# [Problem]
Write out the stretch of lines below that begins at the line with "text \<open>A spanning" and ends at the line with "spanning tree of", including both, exactly as given and nothing more.

# [The input]
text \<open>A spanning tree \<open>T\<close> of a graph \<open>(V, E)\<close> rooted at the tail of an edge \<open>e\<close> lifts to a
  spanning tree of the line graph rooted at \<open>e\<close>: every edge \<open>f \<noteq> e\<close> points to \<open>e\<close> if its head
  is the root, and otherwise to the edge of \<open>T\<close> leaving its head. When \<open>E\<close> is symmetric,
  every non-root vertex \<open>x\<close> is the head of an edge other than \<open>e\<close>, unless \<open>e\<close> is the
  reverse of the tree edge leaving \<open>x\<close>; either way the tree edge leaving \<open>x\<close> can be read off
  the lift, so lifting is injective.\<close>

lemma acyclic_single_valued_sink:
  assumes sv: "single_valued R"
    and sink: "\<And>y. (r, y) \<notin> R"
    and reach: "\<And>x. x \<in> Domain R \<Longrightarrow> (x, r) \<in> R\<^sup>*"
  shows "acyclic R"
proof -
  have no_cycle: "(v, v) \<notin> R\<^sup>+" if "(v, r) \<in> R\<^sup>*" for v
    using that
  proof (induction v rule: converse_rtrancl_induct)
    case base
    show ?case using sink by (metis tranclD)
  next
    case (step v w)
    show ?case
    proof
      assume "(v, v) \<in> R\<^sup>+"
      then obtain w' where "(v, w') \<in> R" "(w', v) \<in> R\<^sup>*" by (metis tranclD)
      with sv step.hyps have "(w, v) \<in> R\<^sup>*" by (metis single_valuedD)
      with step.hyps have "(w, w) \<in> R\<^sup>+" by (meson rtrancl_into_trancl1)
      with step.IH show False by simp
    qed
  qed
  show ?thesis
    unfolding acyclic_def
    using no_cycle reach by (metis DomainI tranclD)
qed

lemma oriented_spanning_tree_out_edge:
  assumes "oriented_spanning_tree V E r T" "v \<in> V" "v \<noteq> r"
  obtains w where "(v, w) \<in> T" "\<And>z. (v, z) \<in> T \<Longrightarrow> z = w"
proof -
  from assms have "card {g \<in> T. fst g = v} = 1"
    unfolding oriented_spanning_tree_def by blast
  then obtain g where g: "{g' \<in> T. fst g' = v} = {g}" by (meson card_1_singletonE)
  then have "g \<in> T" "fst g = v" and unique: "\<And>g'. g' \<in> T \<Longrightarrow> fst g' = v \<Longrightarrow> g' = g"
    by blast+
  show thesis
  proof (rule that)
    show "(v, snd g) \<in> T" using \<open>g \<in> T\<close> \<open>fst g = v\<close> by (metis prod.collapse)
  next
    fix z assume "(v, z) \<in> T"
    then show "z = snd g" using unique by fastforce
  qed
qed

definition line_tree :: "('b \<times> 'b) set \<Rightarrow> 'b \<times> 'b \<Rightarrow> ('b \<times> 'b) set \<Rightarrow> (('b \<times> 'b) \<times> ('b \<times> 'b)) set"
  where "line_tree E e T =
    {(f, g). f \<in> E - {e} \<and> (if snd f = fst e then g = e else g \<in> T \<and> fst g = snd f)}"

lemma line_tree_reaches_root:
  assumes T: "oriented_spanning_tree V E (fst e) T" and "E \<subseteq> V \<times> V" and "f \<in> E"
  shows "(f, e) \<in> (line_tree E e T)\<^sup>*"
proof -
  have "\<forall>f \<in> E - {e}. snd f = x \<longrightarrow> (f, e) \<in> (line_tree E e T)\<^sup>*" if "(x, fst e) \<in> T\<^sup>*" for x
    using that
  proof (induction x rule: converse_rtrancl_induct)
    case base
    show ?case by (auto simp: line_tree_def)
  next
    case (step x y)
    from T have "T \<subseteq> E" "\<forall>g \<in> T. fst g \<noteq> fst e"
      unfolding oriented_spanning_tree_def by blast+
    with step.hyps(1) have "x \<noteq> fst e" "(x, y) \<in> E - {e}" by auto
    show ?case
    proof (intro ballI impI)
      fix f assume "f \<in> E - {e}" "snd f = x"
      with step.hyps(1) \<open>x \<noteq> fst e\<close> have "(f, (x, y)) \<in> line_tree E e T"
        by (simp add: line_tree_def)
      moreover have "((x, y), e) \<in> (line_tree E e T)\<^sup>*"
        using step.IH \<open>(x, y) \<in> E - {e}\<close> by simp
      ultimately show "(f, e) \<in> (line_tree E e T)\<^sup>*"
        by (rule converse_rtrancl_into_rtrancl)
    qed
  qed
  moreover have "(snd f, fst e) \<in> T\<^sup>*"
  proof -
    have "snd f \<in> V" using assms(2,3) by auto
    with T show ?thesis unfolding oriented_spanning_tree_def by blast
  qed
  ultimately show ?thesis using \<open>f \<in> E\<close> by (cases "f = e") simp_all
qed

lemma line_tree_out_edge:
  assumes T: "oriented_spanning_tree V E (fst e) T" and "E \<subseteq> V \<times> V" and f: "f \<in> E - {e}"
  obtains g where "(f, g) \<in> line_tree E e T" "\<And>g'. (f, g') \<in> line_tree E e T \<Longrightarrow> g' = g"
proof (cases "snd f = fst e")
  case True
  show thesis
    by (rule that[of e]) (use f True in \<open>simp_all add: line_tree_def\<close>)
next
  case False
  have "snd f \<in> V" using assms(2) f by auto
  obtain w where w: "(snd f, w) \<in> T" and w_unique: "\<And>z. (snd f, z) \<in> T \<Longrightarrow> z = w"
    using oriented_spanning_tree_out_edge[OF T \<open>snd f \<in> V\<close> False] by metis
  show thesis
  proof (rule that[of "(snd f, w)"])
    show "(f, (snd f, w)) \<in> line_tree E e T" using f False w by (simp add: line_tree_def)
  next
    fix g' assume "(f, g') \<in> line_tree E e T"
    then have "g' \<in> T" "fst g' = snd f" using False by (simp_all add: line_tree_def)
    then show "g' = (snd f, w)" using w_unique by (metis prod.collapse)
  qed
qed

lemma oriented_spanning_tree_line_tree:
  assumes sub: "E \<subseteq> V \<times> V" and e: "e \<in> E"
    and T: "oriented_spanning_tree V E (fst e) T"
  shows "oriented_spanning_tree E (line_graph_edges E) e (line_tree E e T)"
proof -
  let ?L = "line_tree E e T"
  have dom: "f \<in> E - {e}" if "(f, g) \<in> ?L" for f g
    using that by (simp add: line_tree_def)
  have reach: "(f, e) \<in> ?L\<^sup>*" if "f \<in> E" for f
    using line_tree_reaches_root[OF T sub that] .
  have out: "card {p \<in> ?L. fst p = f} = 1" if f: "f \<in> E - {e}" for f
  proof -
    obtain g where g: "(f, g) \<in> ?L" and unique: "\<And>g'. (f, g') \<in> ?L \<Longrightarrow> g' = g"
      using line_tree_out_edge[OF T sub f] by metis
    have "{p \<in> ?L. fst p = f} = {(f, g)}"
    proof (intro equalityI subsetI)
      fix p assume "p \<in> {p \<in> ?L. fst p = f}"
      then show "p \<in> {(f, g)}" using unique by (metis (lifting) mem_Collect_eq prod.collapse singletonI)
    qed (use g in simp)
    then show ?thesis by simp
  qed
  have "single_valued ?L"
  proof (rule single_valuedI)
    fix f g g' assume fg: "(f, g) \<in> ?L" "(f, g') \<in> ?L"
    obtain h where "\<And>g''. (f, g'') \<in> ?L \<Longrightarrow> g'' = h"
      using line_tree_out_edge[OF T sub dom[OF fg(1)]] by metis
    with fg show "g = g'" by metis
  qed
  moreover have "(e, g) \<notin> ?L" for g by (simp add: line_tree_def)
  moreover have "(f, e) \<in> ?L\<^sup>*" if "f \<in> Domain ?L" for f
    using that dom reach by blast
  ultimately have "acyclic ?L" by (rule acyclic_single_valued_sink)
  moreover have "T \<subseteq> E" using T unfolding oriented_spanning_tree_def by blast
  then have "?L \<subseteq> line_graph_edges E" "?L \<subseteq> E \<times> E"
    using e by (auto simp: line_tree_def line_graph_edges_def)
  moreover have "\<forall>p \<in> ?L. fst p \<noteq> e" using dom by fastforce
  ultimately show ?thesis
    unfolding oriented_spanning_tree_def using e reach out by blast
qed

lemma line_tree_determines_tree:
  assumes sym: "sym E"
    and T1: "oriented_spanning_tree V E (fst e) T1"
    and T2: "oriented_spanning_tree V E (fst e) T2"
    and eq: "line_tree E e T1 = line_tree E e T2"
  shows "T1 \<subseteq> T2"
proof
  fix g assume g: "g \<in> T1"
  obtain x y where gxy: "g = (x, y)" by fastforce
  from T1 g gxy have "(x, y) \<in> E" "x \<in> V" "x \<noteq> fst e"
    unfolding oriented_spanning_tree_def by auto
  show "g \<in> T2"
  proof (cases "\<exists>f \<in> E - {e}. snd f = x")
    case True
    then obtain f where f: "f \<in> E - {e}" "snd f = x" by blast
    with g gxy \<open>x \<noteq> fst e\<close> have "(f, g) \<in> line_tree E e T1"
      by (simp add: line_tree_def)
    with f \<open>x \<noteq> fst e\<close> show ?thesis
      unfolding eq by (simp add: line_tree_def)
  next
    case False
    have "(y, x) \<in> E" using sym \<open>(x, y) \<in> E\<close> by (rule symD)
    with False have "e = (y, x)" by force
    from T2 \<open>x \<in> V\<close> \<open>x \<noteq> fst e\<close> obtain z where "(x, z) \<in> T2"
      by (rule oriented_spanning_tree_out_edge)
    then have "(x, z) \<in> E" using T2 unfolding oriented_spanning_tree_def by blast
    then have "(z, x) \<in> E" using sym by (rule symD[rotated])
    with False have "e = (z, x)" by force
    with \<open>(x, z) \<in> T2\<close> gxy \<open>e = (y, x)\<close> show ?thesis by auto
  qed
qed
...
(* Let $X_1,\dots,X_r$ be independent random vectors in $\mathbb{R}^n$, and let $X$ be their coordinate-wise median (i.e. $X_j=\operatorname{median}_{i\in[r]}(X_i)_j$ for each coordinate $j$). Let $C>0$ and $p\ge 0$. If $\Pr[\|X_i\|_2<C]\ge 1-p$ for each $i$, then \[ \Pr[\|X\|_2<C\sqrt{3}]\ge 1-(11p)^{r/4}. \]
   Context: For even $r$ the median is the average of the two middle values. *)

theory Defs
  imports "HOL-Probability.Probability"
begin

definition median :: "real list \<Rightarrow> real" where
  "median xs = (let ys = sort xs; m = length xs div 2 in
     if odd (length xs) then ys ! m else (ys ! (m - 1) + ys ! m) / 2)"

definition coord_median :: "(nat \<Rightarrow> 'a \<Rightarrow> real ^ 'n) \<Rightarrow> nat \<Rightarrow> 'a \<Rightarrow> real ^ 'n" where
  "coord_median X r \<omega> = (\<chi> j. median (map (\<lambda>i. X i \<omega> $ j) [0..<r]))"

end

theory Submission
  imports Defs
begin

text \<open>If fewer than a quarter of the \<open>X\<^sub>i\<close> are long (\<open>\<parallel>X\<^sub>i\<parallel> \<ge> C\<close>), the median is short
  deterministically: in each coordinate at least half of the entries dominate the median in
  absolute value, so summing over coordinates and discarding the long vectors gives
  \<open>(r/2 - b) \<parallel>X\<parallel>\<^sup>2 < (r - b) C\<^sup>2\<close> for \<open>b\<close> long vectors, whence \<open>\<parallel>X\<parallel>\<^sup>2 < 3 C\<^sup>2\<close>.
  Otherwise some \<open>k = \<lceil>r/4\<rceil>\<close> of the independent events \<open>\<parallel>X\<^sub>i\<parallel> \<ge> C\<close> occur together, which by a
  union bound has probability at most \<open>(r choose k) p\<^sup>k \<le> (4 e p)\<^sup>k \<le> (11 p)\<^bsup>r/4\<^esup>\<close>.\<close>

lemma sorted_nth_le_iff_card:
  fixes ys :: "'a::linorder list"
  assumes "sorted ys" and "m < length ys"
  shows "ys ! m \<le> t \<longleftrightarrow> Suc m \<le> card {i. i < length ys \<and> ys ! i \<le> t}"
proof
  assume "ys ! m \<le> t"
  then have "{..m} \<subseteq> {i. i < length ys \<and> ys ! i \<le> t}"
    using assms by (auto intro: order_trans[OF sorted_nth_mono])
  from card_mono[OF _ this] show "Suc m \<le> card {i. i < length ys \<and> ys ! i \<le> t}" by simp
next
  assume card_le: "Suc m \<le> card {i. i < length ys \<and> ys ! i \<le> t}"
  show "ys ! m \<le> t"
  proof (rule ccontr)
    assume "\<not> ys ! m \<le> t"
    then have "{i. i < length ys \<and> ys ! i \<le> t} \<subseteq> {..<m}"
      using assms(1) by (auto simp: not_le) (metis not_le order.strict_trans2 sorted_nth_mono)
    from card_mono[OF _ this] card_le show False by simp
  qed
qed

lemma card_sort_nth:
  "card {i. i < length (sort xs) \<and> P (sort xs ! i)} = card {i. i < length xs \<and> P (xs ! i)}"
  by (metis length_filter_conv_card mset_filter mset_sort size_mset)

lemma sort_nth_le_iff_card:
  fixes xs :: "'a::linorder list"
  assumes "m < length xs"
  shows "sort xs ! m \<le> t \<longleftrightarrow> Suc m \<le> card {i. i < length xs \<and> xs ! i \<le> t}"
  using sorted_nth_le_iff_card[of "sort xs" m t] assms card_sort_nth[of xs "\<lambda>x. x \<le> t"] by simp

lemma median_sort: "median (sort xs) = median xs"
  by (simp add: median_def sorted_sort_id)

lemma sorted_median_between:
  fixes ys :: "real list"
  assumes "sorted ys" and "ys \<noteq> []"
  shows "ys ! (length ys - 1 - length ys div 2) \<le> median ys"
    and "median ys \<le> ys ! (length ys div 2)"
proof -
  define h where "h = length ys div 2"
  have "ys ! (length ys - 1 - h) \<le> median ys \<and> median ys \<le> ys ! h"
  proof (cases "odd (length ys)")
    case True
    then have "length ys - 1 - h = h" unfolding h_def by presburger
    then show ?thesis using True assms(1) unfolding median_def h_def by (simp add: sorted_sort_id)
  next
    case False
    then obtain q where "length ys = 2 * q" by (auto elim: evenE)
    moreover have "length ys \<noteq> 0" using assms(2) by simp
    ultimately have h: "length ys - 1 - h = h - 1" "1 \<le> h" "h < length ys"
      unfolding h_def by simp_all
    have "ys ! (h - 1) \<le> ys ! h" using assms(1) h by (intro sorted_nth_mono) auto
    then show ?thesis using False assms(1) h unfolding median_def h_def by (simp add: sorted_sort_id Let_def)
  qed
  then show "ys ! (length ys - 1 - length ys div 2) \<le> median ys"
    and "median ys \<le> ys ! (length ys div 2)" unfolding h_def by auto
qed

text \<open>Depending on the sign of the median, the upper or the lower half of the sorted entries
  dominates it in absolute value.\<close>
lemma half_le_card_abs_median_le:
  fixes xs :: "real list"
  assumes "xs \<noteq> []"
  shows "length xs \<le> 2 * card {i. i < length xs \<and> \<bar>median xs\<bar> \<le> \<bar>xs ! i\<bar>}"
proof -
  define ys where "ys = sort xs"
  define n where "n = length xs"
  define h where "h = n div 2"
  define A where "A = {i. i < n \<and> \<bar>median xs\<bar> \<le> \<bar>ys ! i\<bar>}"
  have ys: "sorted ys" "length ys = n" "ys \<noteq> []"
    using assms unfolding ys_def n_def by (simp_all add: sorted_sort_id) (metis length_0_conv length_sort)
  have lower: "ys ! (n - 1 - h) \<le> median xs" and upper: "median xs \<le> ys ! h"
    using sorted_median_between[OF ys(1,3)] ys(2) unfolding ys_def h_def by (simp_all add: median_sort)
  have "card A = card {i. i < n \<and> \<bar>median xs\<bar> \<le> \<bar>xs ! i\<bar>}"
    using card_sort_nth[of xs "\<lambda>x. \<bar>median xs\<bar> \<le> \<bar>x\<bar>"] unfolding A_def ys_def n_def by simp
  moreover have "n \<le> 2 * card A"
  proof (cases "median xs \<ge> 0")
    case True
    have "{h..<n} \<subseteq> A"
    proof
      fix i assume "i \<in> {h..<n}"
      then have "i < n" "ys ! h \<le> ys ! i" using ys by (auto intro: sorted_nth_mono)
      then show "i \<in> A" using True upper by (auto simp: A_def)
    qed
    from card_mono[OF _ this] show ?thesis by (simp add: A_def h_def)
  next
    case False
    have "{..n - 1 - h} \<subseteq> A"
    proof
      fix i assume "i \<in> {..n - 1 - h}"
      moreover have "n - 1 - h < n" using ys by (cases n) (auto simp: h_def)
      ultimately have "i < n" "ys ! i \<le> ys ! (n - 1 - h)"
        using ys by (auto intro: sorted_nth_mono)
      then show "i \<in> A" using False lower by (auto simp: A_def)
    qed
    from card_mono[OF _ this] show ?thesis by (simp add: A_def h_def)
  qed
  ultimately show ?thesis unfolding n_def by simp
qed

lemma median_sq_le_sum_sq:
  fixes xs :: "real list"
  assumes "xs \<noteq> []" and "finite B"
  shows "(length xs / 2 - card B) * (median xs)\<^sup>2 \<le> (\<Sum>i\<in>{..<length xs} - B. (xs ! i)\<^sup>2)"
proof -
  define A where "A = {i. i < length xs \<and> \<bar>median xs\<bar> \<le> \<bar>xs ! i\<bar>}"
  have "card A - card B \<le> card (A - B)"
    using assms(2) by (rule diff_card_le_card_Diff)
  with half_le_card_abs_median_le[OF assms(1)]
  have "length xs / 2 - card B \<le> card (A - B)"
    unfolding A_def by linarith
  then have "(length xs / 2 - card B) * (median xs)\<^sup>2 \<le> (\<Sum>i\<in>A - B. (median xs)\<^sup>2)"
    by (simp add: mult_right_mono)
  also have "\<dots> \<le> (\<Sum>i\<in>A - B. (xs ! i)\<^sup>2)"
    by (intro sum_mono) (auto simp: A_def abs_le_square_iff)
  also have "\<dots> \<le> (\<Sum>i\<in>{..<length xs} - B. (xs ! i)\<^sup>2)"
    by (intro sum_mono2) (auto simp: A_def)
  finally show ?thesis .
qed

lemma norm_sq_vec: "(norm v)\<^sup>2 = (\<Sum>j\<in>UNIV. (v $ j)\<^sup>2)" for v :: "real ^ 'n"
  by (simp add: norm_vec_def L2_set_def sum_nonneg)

# [Task output]
text \<open>A spanning tree \<open>T\<close> of a graph \<open>(V, E)\<close> rooted at the tail of an edge \<open>e\<close> lifts to a
  spanning tree of the line graph rooted at \<open>e\<close>: every edge \<open>f \<noteq> e\<close> points to \<open>e\<close> if its head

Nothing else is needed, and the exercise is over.